Çünkü FETÖ- Vatikan- CIA’nın bölgemizdeki menzilleri paraleldir ve varılmak istenen menzil Türkiye’de Laik Demokratik Cumhuriyeti yıkıp, yerine bir bölümü Kürt Devleti olacak Federal İslam Devletini kurmaktır.
Türk Devletinin ve Türk Milletinin tüm emperyalist devletlere karşı haklarımızı koruyacak, mecbur kalmadıkça kavga etmeden diplomatik-tarihi-askeri-ticari-bölgesel önemini anlatıp sonuç alacak tek siyasi parti vardır. DOĞRU Parti!
Çünkü biz DOĞRU Parti olarak biliyoruz ki;
Mozart’ın Türk Marşını yazdığı 1770 yılında, ABD henüz kuruluyordu!

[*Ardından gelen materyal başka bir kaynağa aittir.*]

(* Let $p$ be an odd prime, $\omega=e^{2\pi i/p}$, $m\ge1$, $Q=T_{(p^m)}$ and $K=K_Q(p)$. Let $M=S_\xi X^b$ and $M'=S_{\xi'}X^{b'}$ be elements of $K$ (with $S_\xi,S_{\xi'}\in Q$, $b,b'\in\mathbb{Z}_p$) such that $[M,M']=\omega^c\mathbbm{1}$ for some $c\in\mathbb{Z}_p$. Then: (1) if $b=b'=0$, then $M,M'\in Q$ and $c=0$; (2) if $b\neq0$ and $b'=0$, then $M'\in T_{(p)}$, and if moreover $c=0$ then $M'\in Z(K)$; (3) if $b\neq0$ and $b'\neq0$, then there exist $a,y\in\mathbb{Z}_p$ and $S_\chi\in T_{(p)}$ such that $\omega^aM'=(MS_\chi)^y$, where $\chi(q)=\omega^{c'q}$ with $c'\in\mathbb{Z}_p$ satisfying $b'c'=-c$, and $yb=b'$; if moreover $c=0$, then $\omega^aM'=M^y$.
   Context: Let $\{|q\rangle:q\in\mathbb{Z}_p\}$ be the computational basis of $\mathbb{C}^p$ and $X|q\rangle=|q+1\rangle$. For $\xi:\mathbb{Z}_p\to U(1)$ let $S_\xi=\mathrm{diag}(\xi(0),\dots,\xi(p-1))$. $T=\{S_\xi:\prod_{q}\xi(q)=1\}$ and $T_{(p^k)}=\{S\in T:S^{p^k}=\mathbbm{1}\}$. $K_Q(p)$ is the subgroup of $SU(p)$ generated by all $S_\xi X^b$ with $S_\xi\in Q$, $b\in\mathbb{Z}_p$. $Z(K)$ denotes the center of $K$. The commutator is $[A,B]=ABA^{-1}B^{-1}$. *)

theory Defs
  imports Complex_Main "Jordan_Normal_Form.Matrix"
begin

text \<open>Computational basis of C^p indexed by 0..p-1 (= Z_p). Shift X|q> = |q+1 mod p>.\<close>
definition Xsh :: "nat \<Rightarrow> complex mat" where
  "Xsh p = mat p p (\<lambda>(i,j). if i = (j + 1) mod p then 1 else 0)"

definition Sdiag :: "nat \<Rightarrow> (nat \<Rightarrow> complex) \<Rightarrow> complex mat" where
  "Sdiag p \<xi> = mat p p (\<lambda>(i,j). if i = j then \<xi> i else 0)"

definition Tgrp :: "nat \<Rightarrow> complex mat set" where
  "Tgrp p = {Sdiag p \<xi> | \<xi>. (\<forall>q<p. cmod (\<xi> q) = 1) \<and> (\<Prod>q<p. \<xi> q) = 1}"

definition Tpow :: "nat \<Rightarrow> nat \<Rightarrow> complex mat set" where
  "Tpow p k = {S \<in> Tgrp p. S ^\<^sub>m (p ^ k) = 1\<^sub>m p}"

definition minv :: "complex mat \<Rightarrow> complex mat" where
  "minv A = (THE B. B \<in> carrier_mat (dim_row A) (dim_row A) \<and> A * B = 1\<^sub>m (dim_row A)
                  \<and> B * A = 1\<^sub>m (dim_row A))"

definition comm :: "complex mat \<Rightarrow> complex mat \<Rightarrow> complex mat" where
  "comm A B = A * B * minv A * minv B"

inductive_set gen_grp :: "nat \<Rightarrow> complex mat set \<Rightarrow> complex mat set" for p G where
  gen: "A \<in> G \<Longrightarrow> A \<in> gen_grp p G"
| one: "1\<^sub>m p \<in> gen_grp p G"
| mult: "A \<in> gen_grp p G \<Longrightarrow> B \<in> gen_grp p G \<Longrightarrow> A * B \<in> gen_grp p G"
| inv: "A \<in> gen_grp p G \<Longrightarrow> minv A \<in> gen_grp p G"

definition KQ :: "nat \<Rightarrow> complex mat set \<Rightarrow> complex mat set" where
  "KQ p Q = gen_grp p {S * (Xsh p ^\<^sub>m b) | S b. S \<in> Q \<and> b < p}"

definition center :: "complex mat set \<Rightarrow> complex mat set" where
  "center K = {A \<in> K. \<forall>B \<in> K. A * B = B * A}"

end

(* Every generator S_xi X^b of K is a weighted shift: its only nonzero entry in column j
   is xi ((j + b) mod p), in row (j + b) mod p.  Products of weighted shifts are weighted
   shifts, so the relation M M' = omega^c M' M becomes a functional equation between the
   weights, and since a nonzero b generates Z_p, weights invariant under translation by b
   are constant.
   (1) For b = b' = 0 both matrices are diagonal, hence commute, so omega^c = 1.
   (2) For b' = 0 the weights satisfy xi'(j) = omega^c xi'(j + b); multiplying by a suitable
   character makes them translation invariant, and det M' = 1 with p odd gives xi'^p = 1.
   If c = 0, xi' itself is constant, so M' is scalar.
   (3) The character chi makes N = M S_chi commute with M'.  Both M' and N^y are weighted
   shifts by b' commuting with N, so their ratio is a constant, which comparing
   determinants shows to be a p-th root of unity. *)

theory Submission
  imports Defs "HOL-Number_Theory.Pocklington"
begin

1870 yılına kadar İtalya diye bir devlet yoktu!
1871 yılına kadar Almanya diye bir devlet yoktu!
Biz Türkler, kendini Kürt sayan Türkmenler ve diğer Türk Boyları binlerce yıldır bu topraklardayız. Tüm medeniyetlere beşiklik yaptık. Her inanca, her düşünceye saygı ve barış içinde yaklaştık. Türk’ü dünya tarihinden çıkarırsanız, tarih kalmaz. Dürüst, bilgili, aklı ve bilimi öne alan çalışkan bir yönetimle Türk Milletinin tüm problemlerini ancak biz çözeriz.
Yazımızı, geçmişini ve döküldüğü Ege Denizini unutan, bizi bir çok sahada sıkıntıya sokmaya çalışan Yunanistan’a bir hatırlatma ile bağlayalım;
Komşu; Sizi tam 400 sene yönettik. Eğer sizin inanışınıza, kültürünüze, geleneklerine saygı duyup sizi özgür bırakmasaydık ve asimile etseydik, bugün yeryüzünde Grek’çe denen dil kalmazdı. Katalaves!